Placing all files are in the same folder as a copy of the coherence jar file, compiling and running gives:

codefhtagn: javac -cp coherence.jar *.java
codefhtagn: java -cp coherence.jar:. -Dtangosol.coherence.cacheconfig=coherence-fhtagn.xml KeyRitual
... lines omitted ... 
2010-09-20 13:19:09.021/4.404 Oracle Coherence GE 3.4.2/411 <D5> (thread=DistributedCache:fhtagnCache, member=1): Service fhtagnCache joined the cluster with senior service member 1
Cache fhtagnCache has size: 0
TimeAndSpace: Processing summoning by Cultist 1285010349086 for Cthulhu
KeyRitual: Key [Caller: Cultist 1285010349086 -- Summoning: Cthulhu] :: Value [Sleeping]
TimeAndSpace: Processing summoning by Cultist 1285010349097 for Cthulhu
KeyRitual: Key [Caller: Cultist 1285010349097 -- Summoning: Cthulhu] :: Value [Sleeping]
TimeAndSpace: Processing summoning by Cultist 1285010349098 for Cthulhu
KeyRitual: Key [Caller: Cultist 1285010349098 -- Summoning: Cthulhu] :: Value [Sleeping]
TimeAndSpace: Processing summoning by Cultist 1285010349099 for Yog-Sothoth
KeyRitual: Key [Caller: Cultist 1285010349099 -- Summoning: Yog-Sothoth] :: Value [On vacation]
KeyRitual: Key [Caller: Cultist 1285010349099 -- Summoning: Yog-Sothoth] :: Value [On vacation]
TimeAndSpace: Processing summoning by Cultist 1285010349100 for Yog-Sothoth
KeyRitual: Key [Caller: Cultist 1285010349100 -- Summoning: Yog-Sothoth] :: Value [On vacation]
Cache fhtagnCache has size: 5
2010-09-20 13:19:09.102/4.485 Oracle Coherence GE 3.4.2/411 <D4> (thread=ShutdownHook, member=1): ShutdownHook: stopping cluster node


Clearly things did not go as planned: there were five calls to TimeAndSpace as well as five entries in the cache. A closer look reveals that we have one entry per distinct cultist (we ended up with five cultists, not six, since our use of timestamp ended up giving two of them the same name - this could and did vary with other runs). Clearly our definition of equals and hashCode for Cultist is being ignored.

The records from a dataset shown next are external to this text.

lemma reflected_root_poly_unimodular:
  assumes "\<forall>b\<in>set bs. norm b = 1"
  shows "reflected_root_poly bs = smult (\<Prod>b\<leftarrow>bs. - cnj b) (root_poly bs)"
  using assms
proof (induction bs)
  case (Cons b bs)
  let ?c = "\<Prod>b\<leftarrow>bs. - cnj b"
  have "cnj b * b = 1"
    using Cons.prems complex_norm_square[of b] by (simp add: mult.commute)
  then have "[:1, - cnj b:] = smult (- cnj b) [:- b, 1:]"
    by simp
  then have "reflected_root_poly (b # bs) = smult (- cnj b) [:- b, 1:] * smult ?c (root_poly bs)"
    using Cons by (simp only: reflected_root_poly_Cons) simp
  also have "\<dots> = smult (?c * - cnj b) ([:- b, 1:] * root_poly bs)"
    by (simp only: mult_smult_left mult_smult_right smult_smult)
  finally show ?case
    by (simp only: root_poly_Cons prod_list.Cons list.map mult.commute[of "- cnj b"])
qed simp

lemma one_minus_cnj_mult_neq_0:
  assumes "norm a < 1" "norm x \<le> 1"
  shows "1 - cnj a * x \<noteq> 0"
proof
  assume "1 - cnj a * x = 0"
  then have "norm (cnj a * x) = 1"
    by simp
  moreover have "norm a * norm x \<le> norm a * 1"
    using assms(2) by (intro mult_left_mono) auto
  ultimately show False
    using assms(1) by (simp add: norm_mult)
qed

lemma poly_reflected_root_poly_neq_0:
  assumes "\<forall>a\<in>set as. norm a < 1" "norm x \<le> 1"
  shows "poly (reflected_root_poly as) x \<noteq> 0"
proof -
  have "1 - cnj a * x \<noteq> 0" if "a \<in> set as" for a
    using assms that by (intro one_minus_cnj_mult_neq_0) auto
  then show ?thesis
    by (auto simp: poly_reflected_root_poly prod_list_zero_iff)
qed

lemma coprime_poly_if_no_common_root:
  fixes p q :: "complex poly"
  assumes "\<And>x. poly p x = 0 \<Longrightarrow> poly q x \<noteq> 0"
  shows "coprime p q"
proof (rule ccontr)
  assume "\<not> coprime p q"
  then have "\<not> is_unit (gcd p q)"
    by (simp add: coprime_iff_gcd_eq_1 is_unit_gcd)
  moreover have "gcd p q \<noteq> 0"
    using assms[of 0] by auto
  ultimately have "degree (gcd p q) > 0"
    using is_unit_iff_degree by blast
  then obtain x where "poly (gcd p q) x = 0"
    using alg_closed_imp_poly_has_root by blast
  then have "poly p x = 0" "poly q x = 0"
    by (meson dvd_trans gcd_dvd1 gcd_dvd2 poly_eq_0_iff_dvd)+
  with assms show False
    by blast
qed

lemma normalize_monic_poly:
  fixes e :: "complex poly"
  assumes "lead_coeff e = 1"
  shows "normalize e = e"
proof -
  have "unit_factor e = 1"
    using assms by (simp add: unit_factor_poly_def one_pCons)
  then show ?thesis
    using normalize_mult_unit_factor[of e] by simp
qed

lemma phi_mult_monic:
  fixes p q e :: "complex poly"
  assumes "coprime p q" "lead_coeff e = 1"
  shows "phi (p * e, q * e) = (p, q)"
proof -
  have "e \<noteq> 0"
    using assms(2) by auto
  moreover have "gcd (p * e) (q * e) = e"
    using assms gcd_mult_right[of p e q]
    by (simp add: coprime_commute coprime_iff_gcd_eq_1 normalize_monic_poly)
  ultimately show ?thesis
    by (simp add: phi_def)
qed

lemma phi_blaschke_pair:
  assumes "\<forall>a\<in>set as. norm a \<le> 1"
  defines "zs \<equiv> filter (\<lambda>a. norm a < 1) as" and "us \<equiv> filter (\<lambda>a. \<not> norm a < 1) as"
  shows "phi (blaschke_pair as) =
    ([:0, 1:] * root_poly zs, smult (\<Prod>b\<leftarrow>us. - cnj b) (reflected_root_poly zs))"
proof -
  let ?c = "\<Prod>b\<leftarrow>us. - cnj b"
  have us: "\<forall>b\<in>set us. norm b = 1"
    using assms(1) unfolding us_def by force
  have zs: "\<forall>a\<in>set zs. norm a < 1"
    unfolding zs_def by auto
  have "?c \<noteq> 0"
    using us by (induction us) auto
  have fst: "fst (blaschke_pair as) = ([:0, 1:] * root_poly zs) * root_poly us"
    using root_poly_filter_split[of as "\<lambda>a. norm a < 1"]
    by (simp add: blaschke_pair_eq zs_def us_def mult.assoc)
  have snd: "snd (blaschke_pair as) = smult ?c (reflected_root_poly zs) * root_poly us"
    using reflected_root_poly_filter_split[of as "\<lambda>a. norm a < 1"]
      reflected_root_poly_unimodular[OF us]
    by (simp add: blaschke_pair_eq zs_def us_def)
  have "coprime ([:0, 1:] * root_poly zs) (smult ?c (reflected_root_poly zs))"
  proof (rule coprime_poly_if_no_common_root)
    fix x
    assume "poly ([:0, 1:] * root_poly zs) x = 0"
    then have "norm x \<le> 1"
      using zs by (auto simp: poly_root_poly prod_list_zero_iff)
    then show "poly (smult ?c (reflected_root_poly zs)) x \<noteq> 0"
      using \<open>?c \<noteq> 0\<close> poly_reflected_root_poly_neq_0[OF zs] by simp
  qed
  then show ?thesis
    using phi_mult_monic[of _ _ "root_poly us"] fst snd
    by (metis lead_coeff_root_poly prod.collapse)
qed

lemma rotated_phi_blaschke_pair_in_Bminus:
  assumes "\<forall>a\<in>set as. norm a \<le> 1"
  shows "\<exists>\<theta>::real. \<exists>k. 1 \<le> k \<and> k \<le> length as + 1 \<and>
    in_Bminus k (smult (exp (\<i> * of_real \<theta>)) (fst (phi (blaschke_pair as))), snd (phi (blaschke_pair as)))"
proof -
  define zs where "zs = filter (\<lambda>a. norm a < 1) as"
  define c where "c = (\<Prod>b\<leftarrow>filter (\<lambda>a. \<not> norm a < 1) as. - cnj b)"
  have "norm c = 1"
    using assms unfolding c_def by (induction as) (auto simp: norm_mult)
  then have "c \<noteq> 0"
    by auto
  then have rot: "exp (\<i> * of_real (Arg c)) = c"
    using Arg_eq[of c] \<open>norm c = 1\<close> by simp
  have "in_Bminus (length zs + 1) (smult c ([:0, 1:] * root_poly zs), smult c (reflected_root_poly zs))"
    unfolding in_Bminus_def using \<open>c \<noteq> 0\<close>
    by (intro exI[of _ zs]) (auto simp: zs_def blaschke_pair_eq)
  moreover have "phi (blaschke_pair as) = ([:0, 1:] * root_poly zs, smult c (reflected_root_poly zs))"
    using phi_blaschke_pair[OF assms] unfolding zs_def c_def .
  ultimately have "in_Bminus (length zs + 1)
      (smult (exp (\<i> * of_real (Arg c))) (fst (phi (blaschke_pair as))), snd (phi (blaschke_pair as)))"
    unfolding rot by simp
  moreover have "length zs \<le> length as"
    unfolding zs_def by simp
  ultimately show ?thesis
    by (intro exI[of _ "Arg c"] exI[of _ "length zs + 1"]) simp
qed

After doing some digging on the Web I found a very helpful blog entry: coherence-key-howto. To summarize: for distributed caches Coherence judges key identity based on the serialized form of the key (which turns out to be a Binary object) which in turn is based on all the non transient properties of the key. The actual equals and hashCode of the object (Cultist in our case) are ignored. The simplest fix would be to mark the name attribute of the Cultist as transient. However, since TimeAndSpace requires the entire Cultist key, this option is not available to us.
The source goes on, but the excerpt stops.